| What you are asked to do |
Give every line of the records exactly, please, from the first up to and including the one containing "(* Assume the".

Items from a dataset
lemma grid_step_towards:
  assumes "u \<in> grid_vertices ns" "v \<in> grid_vertices ns" "u \<noteq> v"
  obtains w where "grid_adj ns u w" "manhattan_dist u v = manhattan_dist w v + 1"
proof -
  have len: "length u = length ns" "length v = length ns"
    using assms by (simp_all add: grid_vertices_length)
  then obtain k where k: "k < length ns" "u ! k \<noteq> v ! k"
    using assms(3) nth_equalityI by metis
  define w where "w = u[k := (if u ! k < v ! k then u ! k + 1 else u ! k - 1)]"
  have "w \<in> grid_vertices ns"
    using assms k len by (auto simp: grid_vertices_def w_def nth_list_update)
  then have "grid_adj ns u w"
    using assms(1) k len by (auto simp: grid_adj_def w_def nth_list_update intro!: exI[of _ k])
  moreover have "manhattan_dist u v = manhattan_dist w v + 1"
  proof -
    have "\<forall>i<length ns. i \<noteq> k \<longrightarrow> u ! i = w ! i"
      by (simp add: w_def)
    moreover have "nat \<bar>int (u ! k) - int (v ! k)\<bar> = nat \<bar>int (w ! k) - int (v ! k)\<bar> + 1"
      using k len by (auto simp: w_def)
    ultimately show ?thesis
      using sum_lessThan_agree_except[OF k(1), of "\<lambda>i. nat \<bar>int (u ! i) - int (v ! i)\<bar>"
          "\<lambda>i. nat \<bar>int (w ! i) - int (v ! i)\<bar>"] len
      by (simp add: manhattan_dist_def w_def)
  qed
  ultimately show thesis ..
qed
(* Assume the setting below with $h$ taking values in $[0,1]$, $n\ge 2m$, $\delta\in(0,1)$, and $\eta$ symmetric. Then with probability at least $1-\delta$, \[ |U_{n}-\theta|\le\sqrt{\frac{2W_{n}}{\lfloor n/m\rfloor}\log\frac{3}{\delta}}+\left(\frac{\sqrt{2}}{2}+\frac{\sqrt{42}}{6}\right)\sqrt{\frac{2}{\lfloor n/m\rfloor\lfloor n/(2m)\rfloor}}\log\frac{3}{\delta}+\frac{4}{3\lfloor n/m\rfloor}\log\frac{3}{\delta}. \] In particular, if $n$ is divisible by $2m$, then with probability at least $1-\delta$, \[ |U_{n}-\theta|\le\sqrt{\frac{2mW_{n}}{n}\log\frac{3}{\delta}}+\frac{\left(4+\sqrt{2}\left[3+\sqrt{21}\right]\right)m}{3n}\log\frac{3}{\delta}. \]
   Context: Let $\mathbb{X}\subseteq\mathbb{R}^d$ and let $\bm X_1,\dots,\bm X_n\in\mathbb{X}$ be IID with law $F$. Let $m\ge1$ and let $h:\mathbb{X}^m\to[0,1]$ be a measurable symmetric kernel of order $m$. Let $\theta=\mathbb{E}_F h(\bm X_1,\dots,\bm X_m)$ and $U_n=\binom{n}{m}^{-1}\sum_{1\le i_1<\dots<i_m\le n}h(\bm X_{i_1},\dots,\bm X_{i_m})$. Define $\eta(\bm x_1,\dots,\bm x_{2m})=\tfrac12[h(\bm x_1,\dots,\bm x_m)-h(\bm x_{m+1},\dots,\bm x_{2m})]^2$, call $\eta$ symmetric if it is invariant under every permutation of its $2m$ arguments, and let $W_n=\binom{n}{2m}^{-1}\sum_{1\le i_1<\dots<i_{2m}\le n}\eta(\bm X_{i_1},\dots,\bm X_{i_{2m}})$. $\lfloor\cdot\rfloor$ is the floor function. *)

theory Defs
  imports "HOL-Probability.Probability"
begin
lemma integral_Ioo_by_parts:
  fixes v \<psi> \<psi>' :: "real \<Rightarrow> real"
  assumes "a \<le> c" "v \<in> C1" "\<And>x. (\<psi> has_real_derivative \<psi>' x) (at x)" "continuous_on UNIV \<psi>'"
  shows "(LINT x|lborel. (deriv v x * \<psi> x) * indicator {a<..<c} x) =
    v c * \<psi> c - v a * \<psi> a - (LINT x|lborel. (v x * \<psi>' x) * indicator {a<..<c} x)"
proof -
  have "continuous_on UNIV \<psi>"
    using assms(3) by (meson DERIV_isCont continuous_at_imp_continuous_on)
  then have cont: "continuous_on UNIV (\<lambda>x. deriv v x * \<psi> x)" "continuous_on UNIV (\<lambda>x. v x * \<psi>' x)"
    using assms(4) C1_continuous[OF assms(2)] C1_continuous_deriv[OF assms(2)]
    by (auto intro!: continuous_intros)
  have "(LINT x|lborel. (deriv v x * \<psi> x + v x * \<psi>' x) * indicator {a<..<c} x) = v c * \<psi> c - v a * \<psi> a"
    by (rule integral_Ioo_derivative[OF assms(1)])
      (auto intro!: derivative_eq_intros C1_has_real_derivative assms(2,3) continuous_on_add cont)
  then show ?thesis
    by (simp add: distrib_right integrable_continuous_indicator_Ioo[OF cont(1)]
      integrable_continuous_indicator_Ioo[OF cont(2)])
qed

lemma continuous_integral_square_Ioo_eq_0:
  fixes h :: "real \<Rightarrow> real"
  assumes "continuous_on UNIV h" "(LINT x|lborel. (h x * h x) * indicator {a<..<c} x) = 0"
    and "x \<in> {a<..<c}"
  shows "h x = 0"
proof -
  have cont: "continuous_on UNIV (\<lambda>x. h x * h x)" using assms(1) by (auto intro!: continuous_intros)
  have "integral (cbox a c) (\<lambda>x. h x * h x) = 0"
    using assms(2) lebesgue_integral_Ioo_eq_integral[OF cont] by simp
  moreover have "box a c \<noteq> {}" using assms(3) by auto
  ultimately have "\<forall>x\<in>cbox a c. h x * h x = 0"
    using integral_cbox_eq_0_iff[OF continuous_on_subset[OF cont]] by simp
  then show ?thesis using assms(3) by simp
qed

section \<open>Grids and piecewise functions\<close>

lemma sum_boundary_telescope:
  fixes A B :: "nat \<Rightarrow> real"
  shows "(\<Sum>j<Suc n. A j - B j) + (\<Sum>j<n. B (Suc j) - A j) = A n - B 0"
  by (induction n) simp_all

locale grid =
  fixes G :: "real set" and b :: real
  assumes finite_G: "finite G" and G_subset: "G \<subseteq> {-b..b}"
    and minus_b_in_G: "-b \<in> G" and b_in_G: "b \<in> G" and b_pos: "0 < b"
begin

text \<open>\<open>\<gamma> 0 < \<dots> < \<gamma> ncells\<close> enumerate \<open>G\<close>, and \<open>cell G j\<close> is the paper's \<open>\<I>\<^sub>j\<close>.\<close>

definition ncells :: nat where "ncells = length (grid_pts G) - 1"

definition \<gamma> :: "nat \<Rightarrow> real" where "\<gamma> j = grid_pts G ! j"

lemma two_le_card_G: "2 \<le> card G"
proof -
  have "card {-b, b} \<le> card G" using minus_b_in_G b_in_G finite_G by (intro card_mono) auto
  moreover have "card {-b, b} = 2" using b_pos by auto
  ultimately show ?thesis by simp
qed

lemma length_grid_pts: "length (grid_pts G) = Suc ncells"
  using two_le_card_G finite_G by (simp add: ncells_def grid_pts_def)

lemma ncells_pos: "0 < ncells"
  using two_le_card_G finite_G by (simp add: ncells_def grid_pts_def)

lemma \<gamma>_strict_mono: "i < j \<Longrightarrow> j \<le> ncells \<Longrightarrow> \<gamma> i < \<gamma> j"
  using sorted_wrt_nth_less[of "(<)" "grid_pts G" i j] finite_G length_grid_pts
  by (simp add: \<gamma>_def grid_pts_def)

lemma \<gamma>_mono: "i \<le> j \<Longrightarrow> j \<le> ncells \<Longrightarrow> \<gamma> i \<le> \<gamma> j"
  using \<gamma>_strict_mono by (cases "i = j") (auto simp: less_imp_le)

lemma \<gamma>_less_iff: "i \<le> ncells \<Longrightarrow> j \<le> ncells \<Longrightarrow> \<gamma> i < \<gamma> j \<longleftrightarrow> i < j"
  using \<gamma>_strict_mono \<gamma>_mono by (meson linorder_not_le)

lemma \<gamma>_eq_iff: "i \<le> ncells \<Longrightarrow> j \<le> ncells \<Longrightarrow> \<gamma> i = \<gamma> j \<longleftrightarrow> i = j"
  using \<gamma>_less_iff by (metis linorder_neqE_nat less_irrefl)

lemma in_G_iff: "x \<in> G \<longleftrightarrow> (\<exists>j\<le>ncells. x = \<gamma> j)"
proof -
  have "x \<in> G \<longleftrightarrow> x \<in> set (grid_pts G)" using finite_G by (simp add: grid_pts_def)
  also have "\<dots> \<longleftrightarrow> (\<exists>j\<le>ncells. x = \<gamma> j)"
    by (auto simp: in_set_conv_nth \<gamma>_def length_grid_pts less_Suc_eq_le)
  finally show ?thesis .
qed

lemma \<gamma>_in_G: "j \<le> ncells \<Longrightarrow> \<gamma> j \<in> G"
  using in_G_iff by blast

lemma \<gamma>_0: "\<gamma> 0 = -b" and \<gamma>_ncells: "\<gamma> ncells = b"
proof -
  obtain i j where ij: "i \<le> ncells" "\<gamma> i = -b" "j \<le> ncells" "\<gamma> j = b"
    using minus_b_in_G b_in_G in_G_iff by metis
  have "\<gamma> 0 \<in> {-b..b}" "\<gamma> ncells \<in> {-b..b}" using \<gamma>_in_G[of 0] \<gamma>_in_G[of ncells] G_subset by auto
  then show "\<gamma> 0 = -b" "\<gamma> ncells = b"
    using \<gamma>_mono[of 0 i] \<gamma>_mono[of j ncells] ij by auto
qed

lemma Min_G: "Min G = -b"
  using Min_le[OF finite_G minus_b_in_G] Min_in[OF finite_G] minus_b_in_G G_subset by fastforce

lemma Max_G: "Max G = b"
  using Max_ge[OF finite_G b_in_G] Max_in[OF finite_G] b_in_G G_subset by fastforce

lemma inner_grid_points: "G - {Min G, Max G} = (\<lambda>j. \<gamma> (Suc j)) ` {..<ncells - 1}"
proof -
  have "Suc ` {..<ncells - 1} = {1..<ncells}"
    using ncells_pos by (auto simp: image_Suc_lessThan)
  then have "(\<lambda>j. \<gamma> (Suc j)) ` {..<ncells - 1} = \<gamma> ` {1..<ncells}"
    by (metis image_image)
  moreover
  have inner: "\<gamma> j \<notin> {Min G, Max G} \<longleftrightarrow> j \<in> {1..<ncells}" if "j \<le> ncells" for j
  proof -
    have "\<gamma> j = Min G \<longleftrightarrow> j = 0" "\<gamma> j = Max G \<longleftrightarrow> j = ncells"
      using \<gamma>_eq_iff[OF that, of 0] \<gamma>_eq_iff[OF that, of ncells] by (simp_all add: Min_G Max_G \<gamma>_0 \<gamma>_ncells)
    then show ?thesis using that by auto
  qed
  have "G - {Min G, Max G} = \<gamma> ` {1..<ncells}"
  proof (intro set_eqI iffI)
    fix x assume x: "x \<in> G - {Min G, Max G}"
    then obtain j where "j \<le> ncells" "x = \<gamma> j" using in_G_iff by blast
    then show "x \<in> \<gamma> ` {1..<ncells}" using inner x by blast
  next
    fix x assume "x \<in> \<gamma> ` {1..<ncells}"
    then obtain j where "j \<in> {1..<ncells}" "x = \<gamma> j" by blast
    then show "x \<in> G - {Min G, Max G}" using inner[of j] \<gamma>_in_G[of j] by auto
  qed
  ultimately show ?thesis by simp
qed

| Answer below |
lemma grid_step_towards:
  assumes "u \<in> grid_vertices ns" "v \<in> grid_vertices ns" "u \<noteq> v"
  obtains w where "grid_adj ns u w" "manhattan_dist u v = manhattan_dist w v + 1"
proof -
  have len: "length u = length ns" "length v = length ns"
    using assms by (simp_all add: grid_vertices_length)
  then obtain k where k: "k < length ns" "u ! k \<noteq> v ! k"
    using assms(3) nth_equalityI by metis
  define w where "w = u[k := (if u ! k < v ! k then u ! k + 1 else u ! k - 1)]"
  have "w \<in> grid_vertices ns"
    using assms k len by (auto simp: grid_vertices_def w_def nth_list_update)
  then have "grid_adj ns u w"
    using assms(1) k len by (auto simp: grid_adj_def w_def nth_list_update intro!: exI[of _ k])
  moreover have "manhattan_dist u v = manhattan_dist w v + 1"
  proof -
    have "\<forall>i<length ns. i \<noteq> k \<longrightarrow> u ! i = w ! i"
      by (simp add: w_def)
    moreover have "nat \<bar>int (u ! k) - int (v ! k)\<bar> = nat \<bar>int (w ! k) - int (v ! k)\<bar> + 1"
      using k len by (auto simp: w_def)
    ultimately show ?thesis
      using sum_lessThan_agree_except[OF k(1), of "\<lambda>i. nat \<bar>int (u ! i) - int (v ! i)\<bar>"
          "\<lambda>i. nat \<bar>int (w ! i) - int (v ! i)\<bar>"] len
      by (simp add: manhattan_dist_def w_def)
  qed
  ultimately show thesis ..
qed
(* Assume the setting below with $h$ taking values in $[0,1]$, $n\ge 2m$, $\delta\in(0,1)$, and $\eta$ symmetric. Then with probability at least $1-\delta$, \[ |U_{n}-\theta|\le\sqrt{\frac{2W_{n}}{\lfloor n/m\rfloor}\log\frac{3}{\delta}}+\left(\frac{\sqrt{2}}{2}+\frac{\sqrt{42}}{6}\right)\sqrt{\frac{2}{\lfloor n/m\rfloor\lfloor n/(2m)\rfloor}}\log\frac{3}{\delta}+\frac{4}{3\lfloor n/m\rfloor}\log\frac{3}{\delta}. \] In particular, if $n$ is divisible by $2m$, then with probability at least $1-\delta$, \[ |U_{n}-\theta|\le\sqrt{\frac{2mW_{n}}{n}\log\frac{3}{\delta}}+\frac{\left(4+\sqrt{2}\left[3+\sqrt{21}\right]\right)m}{3n}\log\frac{3}{\delta}. \]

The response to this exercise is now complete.